Дискуссия продолжается около 15 минут, но стороны так ни к чему и не приходят. В результате, аккуратно оттеснив протестующих, приставы расчищают место для экскаватора с ковшом. В считанные мгновения он сковыривает ворота и принимается за забор.

— Решение по этому дому еще не принято, хозяин сейчас находится в суде, а они уже ломают, — судачат в толпе.

— Кто же виноват, что судебная система не поспевает за исполнительной.

Махнув на все рукой, от толпы отделяется ветеран Великой Отечественной войны Филипп Михайлович Цыглаков. Сильно хромая, он идет в сторону своего дома. Ранение в ногу он получил еще во время войны, когда партизанил в Калининградской области. Филипп Михайлович — не единственный в поселке, кто пережил войну. В другом конце Речника живет Елена Александровна Штэпа, которая когда-то перенесла блокаду Ленинграда.

— Мог бы я предположить во время войны, что наступит день, когда в мой дом придут власти и снесут его? Даже не знаю, — почесывает голову Филипп Михайлович. — Хотя, конечно, было бы логичнее, если бы это сделали немцы.

— А ваш дом тоже снесут?

— Сказали, что вначале уберут капитальные новые дома, а потом через год доберутся и до наших, старых.

— И что же, по-вашему, никакой надежды нет?

— Какая может быть надежда, если за тебя взялись власти?

— Где вы будете жить?

Прежде чем ответить, Филипп Михайлович улыбнулся:

— Мне 91 год.
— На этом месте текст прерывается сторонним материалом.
lemma displacement_le_sum_displacements:
  fixes C :: "'a::real_inner set"
  assumes "T ` C \<subseteq> C" "nonexpansive_on C T" "z \<in> C"
  shows "real n * (norm (z - T z))\<^sup>2 \<le> 4 * (\<Sum>k=1..n. (norm (z - (T ^^ k) z))\<^sup>2)"
proof -
  define a where "a k = norm (z - (T ^^ k) z)" for k
  \<comment> \<open>Triangle inequality through the point (T ^^ Suc k) z; summing over k < n uses a 0 = 0.\<close>
  have "(norm (z - T z))\<^sup>2 \<le> 2 * (a (Suc k))\<^sup>2 + 2 * (a k)\<^sup>2" for k
  proof -
    have "norm (T ((T ^^ k) z) - T z) \<le> norm ((T ^^ k) z - z)"
      using assms funpow_image_subset[OF assms(1)] unfolding nonexpansive_on_def by blast
    then have "norm ((T ^^ Suc k) z - T z) \<le> a k"
      unfolding a_def by (simp add: norm_minus_commute)
    then have "norm (z - T z) \<le> a (Suc k) + a k"
      using norm_triangle_ineq[of "z - (T ^^ Suc k) z" "(T ^^ Suc k) z - T z"]
      unfolding a_def by simp
    then have "(norm (z - T z))\<^sup>2 \<le> (a (Suc k) + a k)\<^sup>2"
      by (intro power_mono) auto
    also have "\<dots> \<le> 2 * (a (Suc k))\<^sup>2 + 2 * (a k)\<^sup>2"
      using sum_squares_ge_zero[of "a (Suc k) - a k" 0] by (simp add: power2_eq_square algebra_simps)
    finally show ?thesis .
  qed
  then have "(\<Sum>k<n. (norm (z - T z))\<^sup>2) \<le> (\<Sum>k<n. 2 * (a (Suc k))\<^sup>2 + 2 * (a k)\<^sup>2)"
    by (rule sum_mono)
  then have "real n * (norm (z - T z))\<^sup>2 \<le> 2 * (\<Sum>k<n. (a (Suc k))\<^sup>2) + 2 * (\<Sum>k<n. (a k)\<^sup>2)"
    by (simp only: sum_constant card_lessThan sum.distrib sum_distrib_left)
  also have "(\<Sum>k<n. (a k)\<^sup>2) \<le> (\<Sum>k<Suc n. (a k)\<^sup>2)"
    by (simp add: sum.lessThan_Suc)
  also have "(\<Sum>k<Suc n. (a k)\<^sup>2) = (\<Sum>k<n. (a (Suc k))\<^sup>2)"
    by (simp only: sum.lessThan_Suc_shift) (simp add: a_def)
  also have "(\<Sum>k<n. (a (Suc k))\<^sup>2) = (\<Sum>k=1..n. (a k)\<^sup>2)"
    by (simp add: sum.atLeast1_atMost_eq)
  finally show ?thesis
    unfolding a_def by simp
qed

lemma displacement_le_cesaro_inner:
  fixes C :: "'a::real_inner set"
  assumes "T ` C \<subseteq> C" "nonexpansive_on C T" "z \<in> C" "p \<in> Fix C T" "1 \<le> n"
  shows "(norm (z - T z))\<^sup>2 \<le> 8 * inner (z - cesaro_mean T n z) (z - p)"
proof -
  have "real n * (norm (z - T z))\<^sup>2 \<le> real n * (8 * inner (z - cesaro_mean T n z) (z - p))"
    using displacement_le_sum_displacements[OF assms(1-3), of n]
      sum_displacements_le_cesaro_inner[OF assms] by linarith
  then show ?thesis
    using assms(5) by (simp add: mult_le_cancel_left_pos)
qed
Я свое уже пожил. Думаю, мне осталось уже немного.

Жалуясь на холод, он прощается и скрывается в своем старом доме.

Вечером в тесном здании правления поселка идет совещание жильцов Речника. Его участники настроены воинственно.

— Можно попробовать баррикадироваться в домах. Тогда они нас не выкурят.
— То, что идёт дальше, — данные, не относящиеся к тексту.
lemma bij_betw_consecutive_in_sorted:
  assumes js: "sorted_wrt (<) js"
  shows "bij_betw (\<lambda>k. (js!(k-1), js!k, js!(k+1)))
           {k. 0 < k \<and> k+1 < length js} {(a,b,c). consecutive_in (set js) a b c}"
proof -
  have dist: "distinct js" using js strict_sorted_iff by blast
  note between = sorted_wrt_less_inter_greaterThanLessThan[OF js]
  show ?thesis
  proof (rule bij_betw_imageI)
    show "inj_on (\<lambda>k. (js!(k-1), js!k, js!(k+1))) {k. 0 < k \<and> k+1 < length js}"
    proof (rule inj_onI)
      fix k l assume "k \<in> {k. 0 < k \<and> k+1 < length js}" "l \<in> {k. 0 < k \<and> k+1 < length js}"
        and "(js!(k-1), js!k, js!(k+1)) = (js!(l-1), js!l, js!(l+1))"
      then have "js!k = js!l" "k < length js" "l < length js" by auto
      with dist show "k = l" by (simp add: nth_eq_iff_index_eq)
    qed
    show "(\<lambda>k. (js!(k-1), js!k, js!(k+1))) ` {k. 0 < k \<and> k+1 < length js}
        = {(a,b,c). consecutive_in (set js) a b c}"
    proof (intro equalityI subsetI)
      fix t assume "t \<in> (\<lambda>k. (js!(k-1), js!k, js!(k+1))) ` {k. 0 < k \<and> k+1 < length js}"
      then obtain k where k: "0 < k" "k+1 < length js" "t = (js!(k-1), js!k, js!(k+1))" by auto
      have "{k-1<..<k+1} = {k}" using k by auto
      then show "t \<in> {(a,b,c). consecutive_in (set js) a b c}"
        using k between[of "k-1" "k+1"] by (simp add: consecutive_in_def)
    next
      fix t assume "t \<in> {(a,b,c). consecutive_in (set js) a b c}"
      then obtain a b c where t: "t = (a,b,c)" and abc: "consecutive_in (set js) a b c" by auto
      then obtain i j where ij: "i < length js" "j < length js" "a = js!i" "c = js!j"
        by (auto simp: consecutive_in_def in_set_conv_nth)
      with abc between have "(!) js ` {i<..<j} = {b}" by (simp add: consecutive_in_def)
      moreover have "inj_on ((!) js) {i<..<j}"
        using dist ij by (intro inj_on_nth) auto
      ultimately have "card {i<..<j} = 1" by (metis card_image is_singleton_altdef is_singleton_def)
      then have "j = i + 2" by simp
      with \<open>(!) js ` {i<..<j} = {b}\<close> have "b = js!(i+1)" by auto
      with t ij \<open>j = i + 2\<close>
      show "t \<in> (\<lambda>k. (js!(k-1), js!k, js!(k+1))) ` {k. 0 < k \<and> k+1 < length js}"
        by (intro image_eqI[where x="i+1"]) auto
    qed
  qed
qed

lemma idr_nths_eq_card_turns:
  assumes "J \<subseteq> {0..<length xs}"
  shows "idr (nths xs J) = 1 + card {(a,b,c). consecutive_in J a b c \<and> is_turn xs a b c}"
proof -
  define js where "js = filter (\<lambda>i. i \<in> J) [0..<length xs]"
  have js: "sorted_wrt (<) js" "set js = J"
    using assms by (auto simp: js_def sorted_wrt_filter)
  define K where "K = {k. 0 < k \<and> k+1 < length js \<and> is_turn xs (js!(k-1)) (js!k) (js!(k+1))}"
  have "nths xs J = map ((!) xs) js"
    by (simp add: nths_eq_map_filter js_def)
  then have "idr (nths xs J) = 1 + card K"
    unfolding idr_def K_def is_turn_def
    by (intro arg_cong[where f="\<lambda>S. 1 + card S"] Collect_cong) auto
  moreover have "bij_betw (\<lambda>k. (js!(k-1), js!k, js!(k+1))) K
      {t \<in> {(a,b,c). consecutive_in J a b c}. case t of (a,b,c) \<Rightarrow> is_turn xs a b c}"
    unfolding K_def using bij_betw_Collect[OF bij_betw_consecutive_in_sorted[OF js(1)]] js(2)
    by simp
  moreover have "{t \<in> {(a,b,c). consecutive_in J a b c}. case t of (a,b,c) \<Rightarrow> is_turn xs a b c}
      = {(a,b,c). consecutive_in J a b c \<and> is_turn xs a b c}" by auto
  ultimately show ?thesis by (simp add: bij_betw_same_card)
qed

lemma bij_betw_consecutive_in_subsets:
  assumes "a < b" "b < c" "c < n"
  shows "bij_betw (\<lambda>(A, B). A \<union> {a,b,c} \<union> B) (Pow {..<a} \<times> Pow {c<..<n})
    {J. J \<subseteq> {0..<n} \<and> consecutive_in J a b c}"
proof -
  define glue where "glue = (\<lambda>(A::nat set, B). A \<union> {a,b,c} \<union> B)"
  define cut where "cut = (\<lambda>J::nat set. (J \<inter> {..<a}, J \<inter> {c<..<n}))"
  have "bij_betw glue (Pow {..<a} \<times> Pow {c<..<n}) {J. J \<subseteq> {0..<n} \<and> consecutive_in J a b c}"
  proof (rule bij_betw_byWitness[where f'=cut])
    show "\<forall>P \<in> Pow {..<a} \<times> Pow {c<..<n}. cut (glue P) = P"
    proof clarify
      fix A B assume "A \<subseteq> {..<a}" "B \<subseteq> {c<..<n}"
      with assms have "(A \<union> {a,b,c} \<union> B) \<inter> {..<a} = A" "(A \<union> {a,b,c} \<union> B) \<inter> {c<..<n} = B"
        by auto
      then show "cut (glue (A, B)) = (A, B)" by (simp add: cut_def glue_def)
    qed
    show "\<forall>J \<in> {J. J \<subseteq> {0..<n} \<and> consecutive_in J a b c}. glue (cut J) = J"
    proof clarify
      fix J assume J: "J \<subseteq> {0..<n}" "consecutive_in J a b c"
      then have abc: "{a,b,c} \<subseteq> J" and mid: "J \<inter> {a<..<c} = {b}"
        by (auto simp: consecutive_in_def)
      have "J \<subseteq> (J \<inter> {..<a}) \<union> {a,b,c} \<union> (J \<inter> {c<..<n})"
      proof
        fix x assume "x \<in> J"
        with J(1) mid show "x \<in> (J \<inter> {..<a}) \<union> {a,b,c} \<union> (J \<inter> {c<..<n})"
          by (cases x a rule: linorder_cases; cases x c rule: linorder_cases) auto
      qed
      with abc show "glue (cut J) = J"
        unfolding glue_def cut_def by auto
    qed
    show "glue ` (Pow {..<a} \<times> Pow {c<..<n}) \<subseteq> {J. J \<subseteq> {0..<n} \<and> consecutive_in J a b c}"
    proof clarify
      fix A B assume AB: "A \<subseteq> {..<a}" "B \<subseteq> {c<..<n}"
      have "A \<inter> {a<..<c} = {}" "B \<inter> {a<..<c} = {}" "{a,b,c} \<inter> {a<..<c} = {b}"
        using AB assms by auto
      then have "(A \<union> {a,b,c} \<union> B) \<inter> {a<..<c} = {b}"
        by (simp only: Int_Un_distrib2 Un_empty_left Un_empty_right)
      moreover have "A \<union> {a,b,c} \<union> B \<subseteq> {0..<n}" using AB assms by auto
      ultimately show "glue (A, B) \<subseteq> {0..<n} \<and> consecutive_in (glue (A, B)) a b c"
        by (simp add: glue_def consecutive_in_def)
    qed
    show "cut ` {J. J \<subseteq> {0..<n} \<and> consecutive_in J a b c} \<subseteq> Pow {..<a} \<times> Pow {c<..<n}"
      by (auto simp: cut_def)
  qed
  then show ?thesis by (simp add: glue_def)
qed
— Главное — оставаться в правовом поле. Нужно, чтобы каждый написал письмо в администрацию президента. Тогда на нас обратят внимание, — обсуждают они способы борьбы с приставами.

— И необходимо, чтобы перестали перекрывать дорогу к поселку и улицу, а то по несколько часов невозможно доставить лекарства больным.

За последние годы в Речнике умерло уже 17 пожилых людей и еще 16 получили инфаркты и инсульты. Но сдаваться они не намерены. Большинство жителей чувствуют себя и ведут себя так, как будто на войне.